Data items
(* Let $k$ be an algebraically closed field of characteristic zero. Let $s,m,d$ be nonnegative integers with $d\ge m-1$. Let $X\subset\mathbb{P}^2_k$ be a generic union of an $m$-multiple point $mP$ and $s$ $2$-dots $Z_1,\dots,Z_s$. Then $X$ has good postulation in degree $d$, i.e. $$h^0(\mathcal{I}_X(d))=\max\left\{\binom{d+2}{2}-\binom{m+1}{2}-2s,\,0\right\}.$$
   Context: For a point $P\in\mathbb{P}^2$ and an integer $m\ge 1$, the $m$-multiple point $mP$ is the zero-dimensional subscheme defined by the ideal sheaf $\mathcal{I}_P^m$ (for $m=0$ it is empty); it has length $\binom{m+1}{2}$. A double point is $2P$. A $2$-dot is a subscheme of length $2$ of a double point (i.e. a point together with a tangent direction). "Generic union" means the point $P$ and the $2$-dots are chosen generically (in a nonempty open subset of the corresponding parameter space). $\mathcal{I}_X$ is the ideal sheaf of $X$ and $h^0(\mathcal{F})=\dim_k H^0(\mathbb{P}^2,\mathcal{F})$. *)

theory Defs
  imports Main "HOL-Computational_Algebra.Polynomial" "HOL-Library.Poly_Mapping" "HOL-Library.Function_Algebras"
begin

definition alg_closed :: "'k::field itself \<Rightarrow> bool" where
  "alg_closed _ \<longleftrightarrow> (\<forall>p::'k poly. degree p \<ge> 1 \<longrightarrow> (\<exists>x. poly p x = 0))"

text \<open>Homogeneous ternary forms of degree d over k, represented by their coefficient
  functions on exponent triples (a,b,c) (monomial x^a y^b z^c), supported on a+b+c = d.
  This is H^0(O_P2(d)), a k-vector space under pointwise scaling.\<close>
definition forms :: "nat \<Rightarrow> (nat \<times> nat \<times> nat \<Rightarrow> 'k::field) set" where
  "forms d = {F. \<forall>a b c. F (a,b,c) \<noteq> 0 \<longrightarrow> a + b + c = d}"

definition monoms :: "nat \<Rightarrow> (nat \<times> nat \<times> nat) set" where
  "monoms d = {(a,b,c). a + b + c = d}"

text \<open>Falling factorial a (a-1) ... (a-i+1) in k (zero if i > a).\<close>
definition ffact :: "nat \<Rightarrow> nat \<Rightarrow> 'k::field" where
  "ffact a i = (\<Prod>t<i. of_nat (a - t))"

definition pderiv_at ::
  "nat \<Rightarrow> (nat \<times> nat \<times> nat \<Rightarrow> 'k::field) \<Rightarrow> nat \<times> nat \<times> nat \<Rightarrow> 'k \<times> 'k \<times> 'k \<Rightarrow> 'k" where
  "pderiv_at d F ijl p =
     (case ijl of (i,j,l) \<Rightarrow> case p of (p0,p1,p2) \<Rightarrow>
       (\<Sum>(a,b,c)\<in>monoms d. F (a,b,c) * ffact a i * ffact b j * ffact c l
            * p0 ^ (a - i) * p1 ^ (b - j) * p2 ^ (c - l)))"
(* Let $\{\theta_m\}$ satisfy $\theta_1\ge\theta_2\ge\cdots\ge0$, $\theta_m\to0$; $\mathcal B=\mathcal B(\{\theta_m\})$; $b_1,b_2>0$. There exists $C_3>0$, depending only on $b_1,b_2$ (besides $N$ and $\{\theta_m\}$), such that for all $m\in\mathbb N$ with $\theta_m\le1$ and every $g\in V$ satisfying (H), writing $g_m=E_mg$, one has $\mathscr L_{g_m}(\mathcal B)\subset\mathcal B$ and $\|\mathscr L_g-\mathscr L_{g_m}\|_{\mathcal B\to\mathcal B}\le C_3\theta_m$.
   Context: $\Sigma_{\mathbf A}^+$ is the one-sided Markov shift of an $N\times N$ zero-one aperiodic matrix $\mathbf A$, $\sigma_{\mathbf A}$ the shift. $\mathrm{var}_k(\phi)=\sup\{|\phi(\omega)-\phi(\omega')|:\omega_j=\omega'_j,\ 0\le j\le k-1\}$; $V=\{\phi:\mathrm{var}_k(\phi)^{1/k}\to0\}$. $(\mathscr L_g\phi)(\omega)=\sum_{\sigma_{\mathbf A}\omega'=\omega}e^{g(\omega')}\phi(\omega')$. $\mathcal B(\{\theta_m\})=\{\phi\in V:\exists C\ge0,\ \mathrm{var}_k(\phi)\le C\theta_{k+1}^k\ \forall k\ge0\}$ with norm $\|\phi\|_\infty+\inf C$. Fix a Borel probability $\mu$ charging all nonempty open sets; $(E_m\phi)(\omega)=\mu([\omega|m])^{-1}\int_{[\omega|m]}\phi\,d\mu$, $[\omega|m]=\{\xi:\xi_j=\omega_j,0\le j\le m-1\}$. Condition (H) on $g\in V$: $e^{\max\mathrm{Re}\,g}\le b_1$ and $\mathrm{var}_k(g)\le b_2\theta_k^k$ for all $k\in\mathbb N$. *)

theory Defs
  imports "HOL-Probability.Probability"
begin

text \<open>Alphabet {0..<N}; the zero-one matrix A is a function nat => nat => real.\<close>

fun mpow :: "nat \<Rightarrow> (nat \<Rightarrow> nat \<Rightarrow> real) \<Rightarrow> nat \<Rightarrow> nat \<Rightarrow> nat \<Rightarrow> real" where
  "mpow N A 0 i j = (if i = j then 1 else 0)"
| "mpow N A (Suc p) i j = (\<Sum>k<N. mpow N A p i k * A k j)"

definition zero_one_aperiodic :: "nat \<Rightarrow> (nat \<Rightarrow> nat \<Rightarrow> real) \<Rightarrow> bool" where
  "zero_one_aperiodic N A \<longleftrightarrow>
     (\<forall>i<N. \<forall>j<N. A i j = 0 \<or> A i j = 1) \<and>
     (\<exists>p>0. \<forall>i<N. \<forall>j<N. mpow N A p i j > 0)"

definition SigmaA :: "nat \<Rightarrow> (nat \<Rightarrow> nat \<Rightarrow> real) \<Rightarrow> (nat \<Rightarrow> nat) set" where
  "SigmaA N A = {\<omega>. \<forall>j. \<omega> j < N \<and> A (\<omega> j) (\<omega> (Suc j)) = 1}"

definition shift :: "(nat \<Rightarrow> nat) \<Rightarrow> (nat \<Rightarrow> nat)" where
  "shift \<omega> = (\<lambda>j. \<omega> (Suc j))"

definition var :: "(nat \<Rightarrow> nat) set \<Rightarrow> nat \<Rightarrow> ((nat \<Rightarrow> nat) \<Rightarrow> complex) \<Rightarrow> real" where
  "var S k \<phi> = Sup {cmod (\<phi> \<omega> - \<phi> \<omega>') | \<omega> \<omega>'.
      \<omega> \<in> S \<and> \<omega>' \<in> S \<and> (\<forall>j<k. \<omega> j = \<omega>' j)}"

WORK INSTRUCTION> Retype only the stretch of lines above starting at the one with "real) \<Rightarrow> (nat" and stopping at the one with "A (\<omega> j)", exactly as written, with both kept.

YOUR RESPONSE>
definition SigmaA :: "nat \<Rightarrow> (nat \<Rightarrow> nat \<Rightarrow> real) \<Rightarrow> (nat \<Rightarrow> nat) set" where
  "SigmaA N A = {\<omega>. \<forall>j. \<omega> j < N \<and> A (\<omega> j) (\<omega> (Suc j)) = 1}"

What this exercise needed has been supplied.